Он и впрямь не шевелился. Цепляясь за его руку, Иззи вдруг осознала, насколько он силен. И вместе с тем почувствовала, насколько велика его способность сдерживать себя.
Стоило ему захотеть, и он размазал бы Иззи и Белоснежку по стене так же легко, как разбивал стулья в щепки.
Дождавшись, когда руки перестанут трястись, она потянулась к Белоснежке и принялась осторожно разжимать пальцами ее крохотные челюсти.
– Дорогая, отпусти его.

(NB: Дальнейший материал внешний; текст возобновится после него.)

lemma (in sigma_finite_measure) nn_integral_layer_cake:
  fixes Z :: "'a \<Rightarrow> real" and d :: "real \<Rightarrow> real"
  assumes [measurable]: "Z \<in> borel_measurable M" "d \<in> borel_measurable borel"
  shows "(\<integral>\<^sup>+\<omega>. (\<integral>\<^sup>+t. ennreal (d t) * indicator {0..<Z \<omega>} t \<partial>lborel) \<partial>M)
       = (\<integral>\<^sup>+t. ennreal (d t) * indicator {0..} t * emeasure M {\<omega>\<in>space M. t < Z \<omega>} \<partial>lborel)"
proof -
  interpret pair_sigma_finite M lborel ..
  have "(\<lambda>(\<omega>, t). ennreal (d t) * indicator {0..<Z \<omega>} t) \<in> borel_measurable (M \<Otimes>\<^sub>M lborel)"
    by (simp add: indicator_def) measurable
  then have "(\<integral>\<^sup>+\<omega>. (\<integral>\<^sup>+t. ennreal (d t) * indicator {0..<Z \<omega>} t \<partial>lborel) \<partial>M)
      = (\<integral>\<^sup>+t. (\<integral>\<^sup>+\<omega>. ennreal (d t) * indicator {0..<Z \<omega>} t \<partial>M) \<partial>lborel)"
    by (rule Fubini'[symmetric])
  also have "\<dots> = (\<integral>\<^sup>+t. ennreal (d t) * indicator {0..} t * emeasure M {\<omega>\<in>space M. t < Z \<omega>} \<partial>lborel)"
  proof (intro nn_integral_cong)
    fix t :: real
    have "(\<integral>\<^sup>+\<omega>. ennreal (d t) * indicator {0..<Z \<omega>} t \<partial>M)
        = (\<integral>\<^sup>+\<omega>. (ennreal (d t) * indicator {0..} t) * indicator {\<omega>\<in>space M. t < Z \<omega>} \<omega> \<partial>M)"
      by (intro nn_integral_cong) (auto simp: indicator_def)
    also have "\<dots> = ennreal (d t) * indicator {0..} t * emeasure M {\<omega>\<in>space M. t < Z \<omega>}"
      by (rule nn_integral_cmult_indicator) measurable
    finally show "(\<integral>\<^sup>+\<omega>. ennreal (d t) * indicator {0..<Z \<omega>} t \<partial>M)
        = ennreal (d t) * indicator {0..} t * emeasure M {\<omega>\<in>space M. t < Z \<omega>}" .
  qed
  finally show ?thesis .
qed

lemma (in prob_space) emeasure_Min_greater_erlang:
  assumes "finite I" and "I \<noteq> {}" and indep: "indep_vars (\<lambda>_. borel) X I"
    and erlang: "\<And>i. i \<in> I \<Longrightarrow> distributed M lborel (X i) (erlang_density n 1)"
    and "0 \<le> t"
  shows "emeasure M {\<omega>\<in>space M. t < (MIN i\<in>I. X i \<omega>)}
       = ennreal ((\<Sum>j\<le>n. t ^ j * exp (- t) / fact j) ^ card I)"
proof -
  have "{\<omega>\<in>space M. t < (MIN i\<in>I. X i \<omega>)} = (\<Inter>i\<in>I. X i -` {t<..} \<inter> space M)"
    using assms(1,2) by auto
  then have "prob {\<omega>\<in>space M. t < (MIN i\<in>I. X i \<omega>)} = (\<Prod>i\<in>I. prob (X i -` {t<..} \<inter> space M))"
    using indep_varsD[OF indep assms(2,1)] by simp
  also have "\<dots> = (\<Prod>i\<in>I. \<Sum>j\<le>n. t ^ j * exp (- t) / fact j)"
  proof (rule prod.cong[OF refl])
    fix i assume "i \<in> I"
    have "prob (X i -` {t<..} \<inter> space M) = \<P>(\<omega> in M. t < X i \<omega>)"
      by (auto intro!: arg_cong[where f = prob])
    also have "\<dots> = 1 - erlang_CDF n 1 t"
      using erlang[OF \<open>i \<in> I\<close>] by (rule erlang_distributed_gt) (simp_all add: assms(5))
    finally show "prob (X i -` {t<..} \<inter> space M) = (\<Sum>j\<le>n. t ^ j * exp (- t) / fact j)"
      using assms(5) by (simp add: erlang_CDF_def)
  qed
  finally show ?thesis
    by (simp add: emeasure_eq_measure)
qed

lemma erlang_survival_power_expansion:
  fixes t :: real
  shows "(\<Sum>n<M. t ^ n * exp (- t) / fact n) ^ K
    = (\<Sum>c\<in>compositions M K. phi_coeff K M c * t ^ theta_exp M c * exp (- (real K * t)))"
  unfolding sum_power_multinomial
proof (rule sum.cong[OF refl])
  fix c assume "c \<in> compositions M K"
  then have "(\<Sum>n<M. c n) = K" by (simp add: compositions_def)
  have "(\<Prod>n<M. (t ^ n * exp (- t) / fact n) ^ c n)
      = (\<Prod>n<M. t ^ (n * c n)) * (\<Prod>n<M. exp (- t) ^ c n) / (\<Prod>n<M. fact n ^ c n)"
    by (simp add: power_mult_distrib power_divide power_mult prod_dividef prod.distrib)
  also have "(\<Prod>n<M. t ^ (n * c n)) = t ^ theta_exp M c"
    by (simp add: theta_exp_def power_sum)
  also have "(\<Prod>n<M. exp (- t) ^ c n) = exp (- t) ^ K"
    by (simp only: power_sum[symmetric] \<open>(\<Sum>n<M. c n) = K\<close>)
  also have "exp (- t) ^ K = exp (- (real K * t))"
    by (simp add: exp_of_nat_mult[symmetric])
  finally show "multinomial_coeff K M c * (\<Prod>n<M. (t ^ n * exp (- t) / fact n) ^ c n)
      = phi_coeff K M c * t ^ theta_exp M c * exp (- (real K * t))"
    by (simp add: phi_coeff_def)
qed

Ради всех нас. Отпусти герцога.
Наконец ей удалось отцепить Белоснежку от истерзанного, окровавленного пальца.
Все вздохнули с облегчением.
– Боже милостивый, Гуднайт. – Герцог встряхнул головой. – Что это? Крыса?

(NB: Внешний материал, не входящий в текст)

lemma cspan_eq_iff_inj_independent:
  fixes s :: "'b \<Rightarrow> 'a::complex_inner"
  assumes E: "finite E" "cindependent E" and I: "finite I" "card I = card E"
    and sub: "s ` I \<subseteq> cspan E"
  shows "cspan (s ` I) = cspan E \<longleftrightarrow> inj_on s I \<and> cindependent (s ` I)"
proof
  assume "cspan (s ` I) = cspan E"
  then have E_sub: "E \<subseteq> cspan (s ` I)"
    using cvs.span_superset by blast
  obtain B where B: "B \<subseteq> s ` I" "cindependent B" "s ` I \<subseteq> cspan B"
    by (rule cvs.maximal_independent_subset)
  have finB: "finite B"
    using B(1) I(1) finite_subset by blast
  have "E \<subseteq> cspan B"
    using E_sub cvs.span_minimal[OF B(3) cvs.subspace_span] by blast
  then have "card E \<le> card B"
    using cvs.independent_span_bound[OF finB E(2)] by blast
  moreover have "card B \<le> card (s ` I)"
    using B(1) I(1) by (simp add: card_mono)
  moreover have "card (s ` I) \<le> card I"
    by (rule card_image_le[OF I(1)])
  ultimately have "card B = card (s ` I)" "card (s ` I) = card I"
    using I(2) by linarith+
  then show "inj_on s I \<and> cindependent (s ` I)"
    using B(1,2) I(1) by (metis card_subset_eq eq_card_imp_inj_on finite_imageI)
next
  assume indep: "inj_on s I \<and> cindependent (s ` I)"
  have "E \<subseteq> cspan (s ` I)"
  proof
    fix e assume "e \<in> E"
    show "e \<in> cspan (s ` I)"
    proof (rule ccontr)
      assume e: "e \<notin> cspan (s ` I)"
      then have "cindependent (insert e (s ` I))"
        using indep cvs.independent_insertI by blast
      moreover have "insert e (s ` I) \<subseteq> cspan E"
        using sub \<open>e \<in> E\<close> cvs.span_base by blast
      ultimately have "card (insert e (s ` I)) \<le> card E"
        using cvs.independent_span_bound[OF E(1)] by blast
      moreover have "e \<notin> s ` I"
        using e cvs.span_base[of e "s ` I"] by auto
      then have "card (insert e (s ` I)) = card I + 1"
        using indep I(1) by (simp add: card_image)
      ultimately show False
        using I(2) by simp
    qed
  qed
  then show "cspan (s ` I) = cspan E"
    using sub cvs.span_eq by blast
qed

lemma orthonormal_basis_of_cspan_image:
  fixes s :: "'b \<Rightarrow> 'a::complex_inner"
  assumes "finite I"
  obtains E d where "finite E" "corthonormal E" "cspan E = cspan (s ` I)"
    "\<And>e. e \<in> E \<Longrightarrow> e = (\<Sum>i\<in>I. d e i *\<^sub>C s i)"
proof -
  obtain E where E: "finite E" "corthonormal E" "cspan E = cspan (s ` I)"
    using gram_schmidt[OF finite_imageI[OF assms]] by blast
  have "\<forall>e\<in>E. \<exists>c. e = (\<Sum>i\<in>I. c i *\<^sub>C s i)"
    using E(3) cvs.span_base[of _ E] cspan_image_iff_lincomb[OF assms] by blast
  then obtain d where "\<And>e. e \<in> E \<Longrightarrow> e = (\<Sum>i\<in>I. d e i *\<^sub>C s i)"
    by metis
  with E that show ?thesis
    by blast
qed

lemma finite_family_frame_lower_bound:
  fixes s :: "'b \<Rightarrow> 'a::complex_inner"
  assumes "finite I"
  obtains C where "C > 0"
    "\<And>g. g \<in> cspan (s ` I) \<Longrightarrow> (norm g)\<^sup>2 \<le> C * (\<Sum>i\<in>I. (cmod (cinner g (s i)))\<^sup>2)"
proof -
  obtain E d where E: "finite E" "corthonormal E" "cspan E = cspan (s ` I)"
    and d: "\<And>e. e \<in> E \<Longrightarrow> e = (\<Sum>i\<in>I. d e i *\<^sub>C s i)"
    using orthonormal_basis_of_cspan_image[OF assms] by blast
  define D where "D = (\<Sum>e\<in>E. \<Sum>i\<in>I. (cmod (d e i))\<^sup>2)"
  have "(norm g)\<^sup>2 \<le> (1 + D) * (\<Sum>i\<in>I. (cmod (cinner g (s i)))\<^sup>2)" if g: "g \<in> cspan (s ` I)" for g
  proof -
    let ?G = "\<Sum>i\<in>I. (cmod (cinner g (s i)))\<^sup>2"
    have "(cmod (cinner g e))\<^sup>2 \<le> (\<Sum>i\<in>I. (cmod (d e i))\<^sup>2) * ?G" if "e \<in> E" for e
    proof -
      have "cinner g e = (\<Sum>i\<in>I. cnj (d e i) * cinner g (s i))"
        by (subst d[OF that]) (simp add: cinner_sum_right cinner_scaleC_right)
      then show ?thesis
        using cmod_sum_mult_square_le[of "\<lambda>i. cnj (d e i)" "\<lambda>i. cinner g (s i)" I] by simp
    qed
    then have "(\<Sum>e\<in>E. (cmod (cinner g e))\<^sup>2) \<le> D * ?G"
      unfolding D_def sum_distrib_right by (rule sum_mono)
    moreover have "(norm g)\<^sup>2 = (\<Sum>e\<in>E. (cmod (cinner g e))\<^sup>2)"
      using g E orthonormal_proj_eq_self[OF E(1,2)] norm_orthonormal_proj_square[OF E(1,2)] by metis
    moreover have "0 \<le> ?G"
      by (simp add: sum_nonneg)
    ultimately show ?thesis
      by (simp add: algebra_simps)
  qed
  moreover have "1 + D > 0"
    unfolding D_def by (simp add: add_pos_nonneg sum_nonneg)
  ultimately show ?thesis
    using that by blast
qed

Иззи спрыгнула со стола, прижимая Белоснежку к груди.
– Не крыса, а горностай.
Он чертыхнулся.
– Вы держите в саквояже хорька?
– Не хорька, а горностая.
– Горностай, ласка, хорек – все едино.
– Ничего подобного, – запротестовала Иззи, поглаживая воинственную Белоснежку по гладкой меховой щечке. – Ну, вообще-то они похожи, но «горностай» звучит благороднее.
Прижимая Белоснежку к себе одной рукой, а другой почесывая ей брюшко, Иззи отнесла ее к саквояжу и открыла дверцу шарообразной клетки, сделанной из мелкой позолоченной сетки.
– Вот так… – прошептала она. – Ну, будь умницей.
Пес зарычал на Белоснежку. В ответ она приподняла губу, обнажив острые, как иголки, зубы.
– Будь умницей, – повторила Иззи, на этот раз строже, и повернулась к герцогу: – Ваша светлость, позвольте мне осмотреть вашу рану.
– Это ни к чему.
Иззи невозмутимо взяла его за запястье и осмотрела палец.
– К сожалению, крови слишком много. Надо смыть ее. И как можно скорее. Пожалуй, нам стоило бы… ой!
Не слушая ее, герцог схватил со стола графин с виски и щедро плеснул янтарной жидкостью прямо на кровоточащую рану.
Иззи вздрогнула, как от боли, увидев это.
Герцог и глазом не моргнул.
Она вынула из кармана чистый носовой платок.
– Разрешите мне взглянуть…
Осторожно промокая рану, она изучала кисть его руки. Крупная, сильная. Сплошь в мелких порезах и ожогах – и свежих, и уже заживающих. На среднем пальце он носил золотое кольцо с печаткой. На печатке рельефно выделялся герб. Видимо, герцогам свойственно любить все большое.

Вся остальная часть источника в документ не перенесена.